А в поле, охваченная тусклым паром, стоит в тесных колоннах, косяками, как зловещее видение, вся кавалерия Буденного. Конный полк нарвался на ее громады и принял бой. Рубились саблями. До тридцати наших коников было зарублено и переранено саблями. Удалой 2-й конный носился по полю, разгоняя крылатой смелостью большевистскую конницу. Удалым порывом наши кавалеристы атаковали в самой гуще буденовцев, обширный хор конных трубачей. Весь хор трубачей, в заячьих полушубках, армии Буденного был захвачен. Всадников с серебряными трубами, обвитыми обмерзшими красными лентами, быстро погнали в тыл. В разгар боя наши всадники наскакали на серую машину. Уже темнело. В сумерках машина показалась броневиком и кавалеристы, обстреляв ее, свернули в переулок. В машине, как мы узнали позже, был сам Буденный. Мотор от мороза отказался работать и, подлети наши всадники ближе, Отрада для пышноусого вахмистра была бы концом.
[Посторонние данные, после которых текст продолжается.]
theorem mainTheorem6:
  fixes M :: "'a measure"
    and n s K :: nat and eta L sigma :: real
    and f :: "nat \<Rightarrow> 'v::euclidean_space \<Rightarrow> real" and g :: "nat \<Rightarrow> 'v \<Rightarrow> 'v"
    and F :: "'v \<Rightarrow> real" and w0 :: 'v
    and ht :: "nat \<Rightarrow> nat \<Rightarrow> nat \<Rightarrow> 'a \<Rightarrow> 'v"
    and w :: "nat \<Rightarrow> 'a \<Rightarrow> 'v" and wl :: "nat \<Rightarrow> nat \<Rightarrow> 'a \<Rightarrow> 'v"
    and S :: "nat \<Rightarrow> 'a \<Rightarrow> nat set" and E :: "nat \<Rightarrow> nat \<Rightarrow> 'a \<Rightarrow> nat"
    and alpha :: "nat \<Rightarrow> nat \<Rightarrow> 'a \<Rightarrow> real"
  assumes P: "prob_space M"
    and n: "1 \<le> n" and s: "1 \<le> s" "s \<le> n" and K: "1 \<le> K" and eta: "0 < eta"
    \<comment> \<open>g i is the gradient of the differentiable f i; F is the average\<close>
    and grad: "\<And>i x. i \<in> {1..n} \<Longrightarrow> (f i has_derivative (\<lambda>h. g i x \<bullet> h)) (at x)"
    and Fdef: "\<And>x. F x = (1 / real n) * (\<Sum>i\<in>{1..n}. f i x)"
    \<comment> \<open>process\<close>
    and w_0: "\<And>\<omega>. w 0 \<omega> = w0" and wl_0: "\<And>i \<omega>. wl i 0 \<omega> = w0"
    and w_step: "\<And>t \<omega>. 1 \<le> t \<Longrightarrow> w t \<omega> = (1 / real (s + 1)) *\<^sub>R
        (w (t - 1) \<omega> + (\<Sum>i\<in>S t \<omega>. wl i (t - 1) \<omega> - eta *\<^sub>R checkh K alpha E ht t i \<omega>))"
    and wl_step: "\<And>t i \<omega>. 1 \<le> t \<Longrightarrow>
        wl i t \<omega> = (if i \<in> S t \<omega> then w t \<omega> else wl i (t - 1) \<omega>)"
    \<comment> \<open>random quantities and their laws\<close>
    and ht_meas: "\<And>t i q. ht t i q \<in> borel_measurable M"
    and E_meas: "\<And>t i. E t i \<in> measurable M (count_space UNIV)"
    and S_meas: "\<And>t. S t \<in> measurable M (count_space UNIV)"
    and E_pos: "\<And>t i. 1 \<le> t \<Longrightarrow> i \<in> {1..n} \<Longrightarrow>
        measure M {\<omega> \<in> space M. 0 < E t i \<omega>} > 0"
    and S_range: "\<And>t \<omega>. 1 \<le> t \<Longrightarrow> \<omega> \<in> space M \<Longrightarrow> S t \<omega> \<subseteq> {1..n} \<and> card (S t \<omega>) = s"
    and S_unif: "\<And>t A. 1 \<le> t \<Longrightarrow> A \<subseteq> {1..n} \<Longrightarrow> card A = s \<Longrightarrow>
        measure M {\<omega> \<in> space M. S t \<omega> = A} = 1 / real (n choose s)"
    and indep_new: "\<And>t. 1 \<le> t \<Longrightarrow> prob_space.indep_set M
        (sigma_sets (space M) (rv_events M (count_space UNIV) (S t)
            \<union> (\<Union>j\<in>{1..n}. rv_events M (count_space UNIV) (E t j))))
        (sigma_sets (space M) (past_gen M n S E ht t
            \<union> (\<Union>j\<in>{1..n}. \<Union>q\<in>{1..}. rv_events M borel (ht t j q))))"
    and indep_SE: "\<And>t. 1 \<le> t \<Longrightarrow> prob_space.indep_set M
        (sigma_sets (space M) (rv_events M (count_space UNIV) (S t)))
        (sigma_sets (space M) (\<Union>j\<in>{1..n}. rv_events M (count_space UNIV) (E t j)))"
    and alpha_def:
      "(\<forall>t i \<omega>. alpha t i \<omega> =
           measure M {\<omega>' \<in> space M. 0 < E t i \<omega>'} * real (min (E t i \<omega>) K))
     \<or> (\<forall>t i \<omega>. alpha t i \<omega> = integral\<^sup>L M (\<lambda>\<omega>'. real (min (E t i \<omega>') K)))"
    \<comment> \<open>stochastic oracle: conditionally unbiased noise with bounded conditional variance\<close>
    and noise_int: "\<And>t i q. 1 \<le> t \<Longrightarrow> i \<in> {1..n} \<Longrightarrow> 1 \<le> q \<Longrightarrow>
        integrable M (\<lambda>\<omega>. (norm (ht t i q \<omega> - g i (qpt eta wl ht t i q \<omega>)))\<^sup>2)"
    and noise_mean: "\<And>t i q b. 1 \<le> t \<Longrightarrow> i \<in> {1..n} \<Longrightarrow> 1 \<le> q \<Longrightarrow> b \<in> Basis \<Longrightarrow>
        AE \<omega> in M. real_cond_exp M (query_sigma M n S E ht t i q)
          (\<lambda>\<omega>. (ht t i q \<omega> - g i (qpt eta wl ht t i q \<omega>)) \<bullet> b) \<omega> = 0"
    and noise_var: "\<And>t i q. 1 \<le> t \<Longrightarrow> i \<in> {1..n} \<Longrightarrow> 1 \<le> q \<Longrightarrow>
        AE \<omega> in M. real_cond_exp M (query_sigma M n S E ht t i q)
          (\<lambda>\<omega>. (norm (ht t i q \<omega> - g i (qpt eta wl ht t i q \<omega>)))\<^sup>2) \<omega> \<le> sigma\<^sup>2"
    \<comment> \<open>finiteness of the expectations appearing\<close>
    and int_h: "\<And>t i q. integrable M (\<lambda>\<omega>. (norm (ht t i q \<omega>))\<^sup>2)"
    and int_dev: "\<And>t i. integrable M (\<lambda>\<omega>. (norm (wl i t \<omega> - mu n w wl t \<omega>))\<^sup>2)"
    and int_grad: "\<And>t i. integrable M (\<lambda>\<omega>. (norm (g i (mu n w wl t \<omega>)))\<^sup>2)"
    \<comment> \<open>smoothness and step size\<close>
    and L: "0 < L"
    and lip: "\<And>i x y. i \<in> {1..n} \<Longrightarrow> norm (g i x - g i y) \<le> L * norm (x - y)"
    and eta_small: "eta < 1 / (4 * L * real K ^ 2)"
  shows "\<forall>q \<in> {1..K}. \<forall>i \<in> {1..n}. \<forall>t.
    integral\<^sup>L M (\<lambda>\<omega>. (norm (ht (t + 1) i q \<omega>))\<^sup>2)
      \<le> sigma\<^sup>2 + (sigma\<^sup>2 / real K ^ 2
          + 16 * L\<^sup>2 * integral\<^sup>L M (\<lambda>\<omega>. (norm (wl i t \<omega> - mu n w wl t \<omega>))\<^sup>2)
          + 8 * integral\<^sup>L M (\<lambda>\<omega>. (norm (g i (mu n w wl t \<omega>)))\<^sup>2))"
proof -
  interpret favano M n s K eta w0 ht w wl S E alpha L sigma g
    by (intro favano.intro favano_process.intro favano_axioms.intro P) (fact assms)+
  show ?thesis
    by (intro ballI allI second_moment_bound)
qed

end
Утверждаю снова, что если бы мы не растопыренными пальцами, а всем кулаком ударили бы по Знаменке, стряхнули бы с себя на Днепре большевиков и повернули бы затем на прорвавшегося Буденного, раскатали бы этого красного маршала, разнесли бы в дым всю эту, без толку хваленую, конницу Буденного так же, как уже разгромили однажды конный корпус Жлобы или конные орды Сорокина. В Отраде, одним только конным полком, к которому подоспели стрелковые полки, мы захватили его трубачей, он сам едва не угодил преблагополучно в плен к «золотопогонникам».
Отрада была взята. Часа три подтягивались в село части Дроздовской дивизии и наш арьергард, остатки Корниловцев. Сторожевые охранения занял Первый полк. Ночь стояла туманная, безветренная и мороз усилился. Я хорошо помню эту студёную ночь, потому что у меня начался новый приступ возвратного тифа. Весь день, в бою, меня трясла нестерпимая лихорадка, ночью начался жар, тугой и звонкий, хорошо знакомый этап тифозной горячки. Помню серое утро в тусклом инее, когда снова поднялась кругом воющая человеческая метель, на нас двинулась в атаку вся конная армия Буденного, чтобы прикончить, добить в Отраде. Адъютант удивился моему бледному лицу и пожелтевшим глазам. Голова звенела, точно плыла от жара. Я приказал подать коня и с конвоем, в утреннем дыму, поскакал к Первому полку. Вдали гудели и выли лавы Буденного. С холмов у Отрады, насколько хватал глаз, открывалось громадное и зловещее зрелище: до края неба, в косых столбах морозного дыма, тусклое поле шевелилось живьем от конницы было залито колыхающимися волнами коней и серых всадников. На нас медленно надвигалась вся конная армия Будённого. Впереди выблескивая оружием, шли лавы с темными флажками, там и здесь трепещущими в рядах, а за ними смутно наплывали, зыблясь в морозном паре, тесные колонны коней. Лавы перекатывающиеся, как огромные выблескивающие удавы, тягостный вой, косые вихри над колоннами — все это было, как надвигающееся видение Апокалипсиса. Конь бледный. Смерть.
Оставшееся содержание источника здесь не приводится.